Stephen Leake <address@hidden> writes:
>> It's not just a matter of contributing documentation.  We don't even
>> *have a place to put such documentation* right now.
>
>As others have pointed out, we do have such a place, but most people are
>not aware of it. That needs to change, and I'm working on implementing
>the changes suggested so far.

Bravo to you!  Thank you.

I think a web page as the gateway is important, though:

There needs to be place where a developer *who has not yet decided to
contribute to Emacs* can land and quickly get an impression of how much
work is involved, and what the nature of that work is.

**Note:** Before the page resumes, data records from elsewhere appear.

(* Let $X\sim P$ be a Borel probability measure on $\mathbb{R}^d$ and let $\alpha\in(0,\Pi(P))$ be such that $\mathrm{vol}_d(P_\alpha)>0$. Then: (i) for every non-singular $A\in\mathbb{R}^{d\times d}$, $b\in\mathbb{R}^d$ and $x\in\mathbb{R}^d$, $\mathrm{ID}_\alpha(Ax+b;P_{AX+b})=\mathrm{ID}_\alpha(x;P)$, where $P_{AX+b}$ is the law of $AX+b$; (ii) $P$ is halfspace symmetric about $x\in\mathbb{R}^d$ if and only if $\mathrm{ID}_\alpha(x;P)=(c,1)^\top$ for some $c\ge1/2$; (iii) if $x$ satisfies $\mathrm{HD}(x;P)=\Pi(P)$, then for every $u\in\mathbb{R}^d$ the first component of $\mathrm{ID}_\alpha(x+tu;P)$ is non-increasing and the second component is non-decreasing in $t\ge0$; (iv) for all $c_1,c_2\in\mathbb{R}$ the set $\{x\colon \mathrm{ID}^1_\alpha(x;P)\ge c_1,\ \mathrm{ID}^2_\alpha(x;P)\le c_2\}$ is convex, and it is compact whenever $c_1>0$; (v) $\mathrm{ID}^1_\alpha(\cdot;P)$ is upper semicontinuous, $\mathrm{ID}^2_\alpha(\cdot;P)$ is continuous on $\mathbb{R}^d$, and if $P$ has a density then $\mathrm{ID}_\alpha(\cdot;P)$ is continuous on $\mathbb{R}^d$; (vi) $\sup_{\|x\|\ge r}\mathrm{ID}^1_\alpha(x;P)\to0$ and $\inf_{\|x\|\ge r}\mathrm{ID}^2_\alpha(x;P)\to\infty$ as $r\to\infty$.
   Context: For a Borel probability measure $P$ on $\mathbb{R}^d$ and $X\sim P$, the halfspace (Tukey) depth is $\mathrm{HD}(x;P)=\inf_{u\in\mathbb{R}^d}\Pr(u^\top X\le u^\top x)$; $\Pi(P)=\sup_{x}\mathrm{HD}(x;P)$; the central region is $P_\delta=\{x\colon\mathrm{HD}(x;P)\ge\delta\}$. For a convex body $K$, $\mathrm{Ill}(x;K)=\mathrm{vol}_d(\mathrm{conv}(K\cup\{x\}))$. The illumination depth is $\mathrm{ID}_\alpha(x;P)=(\mathrm{ID}^1_\alpha(x;P),\mathrm{ID}^2_\alpha(x;P))^\top=(\mathrm{HD}(x;P),\ \mathrm{Ill}(x;P_\alpha)/\mathrm{vol}_d(P_\alpha))^\top$. $P$ is halfspace symmetric about $x$ if every closed halfspace containing $x$ has $P$-probability at least $1/2$. *)

theory Defs
  imports "HOL-Probability.Probability"
begin

definition HD :: "(real^'n) \<Rightarrow> (real^'n) measure \<Rightarrow> real" where
  "HD x P = (INF u. measure P {y. u \<bullet> y \<le> u \<bullet> x})"

definition maxdepth :: "(real^'n) measure \<Rightarrow> real" where
  "maxdepth P = (SUP x. HD x P)"

definition central_region :: "(real^'n) measure \<Rightarrow> real \<Rightarrow> (real^'n) set" where
  "central_region P \<delta> = {x. HD x P \<ge> \<delta>}"

definition Ill :: "(real^'n) \<Rightarrow> (real^'n) set \<Rightarrow> real" where
  "Ill x K = measure lborel (convex hull (K \<union> {x}))"

definition ID :: "real \<Rightarrow> (real^'n) \<Rightarrow> (real^'n) measure \<Rightarrow> real \<times> real" where
  "ID \<alpha> x P = (HD x P,
     Ill x (central_region P \<alpha>) / measure lborel (central_region P \<alpha>))"

definition halfspace_symmetric :: "(real^'n) measure \<Rightarrow> (real^'n) \<Rightarrow> bool" where
  "halfspace_symmetric P x \<longleftrightarrow>
     (\<forall>u c. u \<noteq> 0 \<longrightarrow> u \<bullet> x \<le> c \<longrightarrow> measure P {y. u \<bullet> y \<le> c} \<ge> 1/2)"

definition upper_semicont :: "('a::topological_space \<Rightarrow> real) \<Rightarrow> bool" where
  "upper_semicont f \<longleftrightarrow> (\<forall>c. open {x. f x < c})"

end

theory Submission
  imports Defs
begin

text \<open>
  Halfspace depth is quasi-concave, upper semicontinuous and bounded by the mass outside a ball, so
  its upper level sets are convex and compact; a positive volume of \<open>P\<^sub>\<alpha>\<close> forces a ball inside it,
  hence \<open>\<alpha> \<le> 1/2\<close>.  The heart of the matter is that \<open>x \<mapsto> vol(conv(K \<union> {x}))\<close> is convex for a
  convex body \<open>K\<close>: after a linear change of variables \<open>x\<close> moves along a coordinate axis, every
  line section of \<open>conv(K \<union> {x})\<close> parallel to that axis is an interval which is a convex combination
  of the corresponding sections for the endpoints, and integrating the section lengths (Fubini)
  gives convexity.  Convexity yields continuity of the second component and, together with a ball
  that \<open>conv(K \<union> {x})\<close> gains outside \<open>K\<close>, at least linear growth at infinity.  An invertible affine
  map transforms depths and central regions equivariantly and scales all volumes by one factor.
\<close>

section \<open>Volumes of linear and affine images\<close>

lemma measure_shear_cbox:
  fixes a b :: "real^'n"
  assumes "m \<noteq> n"
  shows "measure lebesgue ((\<lambda>x. \<chi> i. if i = m then x$m + x$n else x$i) ` cbox a b)
    = measure lebesgue (cbox a b)"
proof (cases "cbox a b = {}")
  case False
  let ?h = "\<lambda>x::real^'n. \<chi> i. if i = m then x$m + x$n else x$i"
  \<comment> \<open>translate the box to meet the hypothesis \<open>0 \<le> a$n\<close> of \<open>measure_shear_interval\<close>\<close>
  define v :: "real^'n" where "v = (\<chi> i. if i = n then - a$n else 0)"
  have lin: "linear ?h"
    by (rule linearI) (auto simp: vec_eq_iff algebra_simps)
  have "cbox a b = (+) (- v) ` cbox (v + a) (v + b)"
    using cbox_translation[of "- v" "v + a" "v + b"] by simp
  moreover have "?h ` (+) (- v) ` X = (+) (- ?h v) ` ?h ` X" for X
    unfolding image_image by (simp add: linear_add[OF lin] linear_neg[OF lin])
  ultimately have "?h ` cbox a b = (+) (- ?h v) ` ?h ` cbox (v + a) (v + b)"
    by simp
  then have "measure lebesgue (?h ` cbox a b) = measure lebesgue ((+) (- ?h v) ` ?h ` cbox (v + a) (v + b))"
    by (rule arg_cong)
  also have "\<dots> = measure lebesgue (?h ` cbox (v + a) (v + b))"
    by (rule measure_translation)
  also have "\<dots> = measure lebesgue (cbox (v + a) (v + b))"
    using assms False cbox_translation[of v a b] by (intro measure_shear_interval) (auto simp: v_def)
  also have "\<dots> = measure lebesgue (cbox a b)"
    by (metis cbox_translation measure_translation)
  finally show ?thesis .
qed simp

lemma measure_swap_cbox:
  fixes a b :: "real^'n"
  shows "measure lebesgue ((\<lambda>x. \<chi> i. x $ Transposition.transpose m n i) ` cbox a b)
    = measure lebesgue (cbox a b)"
proof (cases "cbox a b = {}")
  case False
  let ?h = "\<lambda>x::real^'n. \<chi> i. x $ Transposition.transpose m n i"
  have eq: "?h ` cbox a b = cbox (?h a) (?h b)"
    by (auto simp: image_iff lambda_swap_Galois mem_box_cart) (metis transpose_involutory)+
  have "?h ` cbox a b \<noteq> {}"
    using False by blast
  then show ?thesis
    using prod.permute [OF permutes_swap_id, where S=UNIV and g="\<lambda>i. (b - a)$i", symmetric]
    by (simp add: eq content_cbox_cart False)
qed simp

text \<open>
  The library's \<open>measure_linear_image\<close> identifies the factor as \<open>\<bar>det (matrix f)\<bar>\<close> but requires a
  well-ordered index type; the existence of a common factor suffices here and holds for every finite
  index type.
\<close>

definition measure_scaling :: "(real^'n \<Rightarrow> real^'n) \<Rightarrow> bool" where
  "measure_scaling f \<longleftrightarrow> (\<exists>c\<ge>0. \<forall>S\<in>lmeasurable.
     f ` S \<in> lmeasurable \<and> measure lebesgue (f ` S) = c * measure lebesgue S)"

If that impression is only available from a place like etc/CONTRIBUTE,
then we're effectively asking people to have made that decision before
they've gotten the information they need to be able to make it.

It can be maintained in the Emacs tree, but it needs to be published in
a Web-standard way outside that tree (i.e., browsing to it in the
web-based git repository browser would be a poor user experience).

>Emacs was around long before "web pages". It has been slow to embrace
>web pages, because it already has a culture that works well without
>them.
>
>Perhaps that needs to change to attract new blood, but I'm not sure.
>Emacs has a _very_ different feel than "typical" development
>environments; using a unique development environment for creating Emacs
>can ensure that is maintained.

Even people who use Emacs for almost everything rarely use it as their
primary web browser.  A few do, but most don't.  As I think across all
the Emacs-first developers I know -- people like me who use Emacs as
their shell, as their mailreader, as their primary development
environment, as their primary text composition, and as their organizer
via Org Mode -- they still use a dedicated browser like Firefox for
browsing the web.

(No doubt a few people here use Emacs as their primary web browser, but
I'm pretty sure that's the exception, even among heavy Emacs users.)

So for information that people typically expect to be on the Web, such
as developer guidelines for contributing to a free software project,
we'll be better off putting that on the Web.  Because the people who
need to read it the most, the people who are the most important to us --
proficient Emacs users who are *considering* becoming contributors but
who have not decided yet -- will expect to find it on the Web anyway,
and will most likely first read it in an environment other than Emacs.

One solution would be to write those docs in (say) Markdown and
autogenerate the HTML pages, so that reading them and editing them in
Emacs is easy, but we still get HTML for the web site.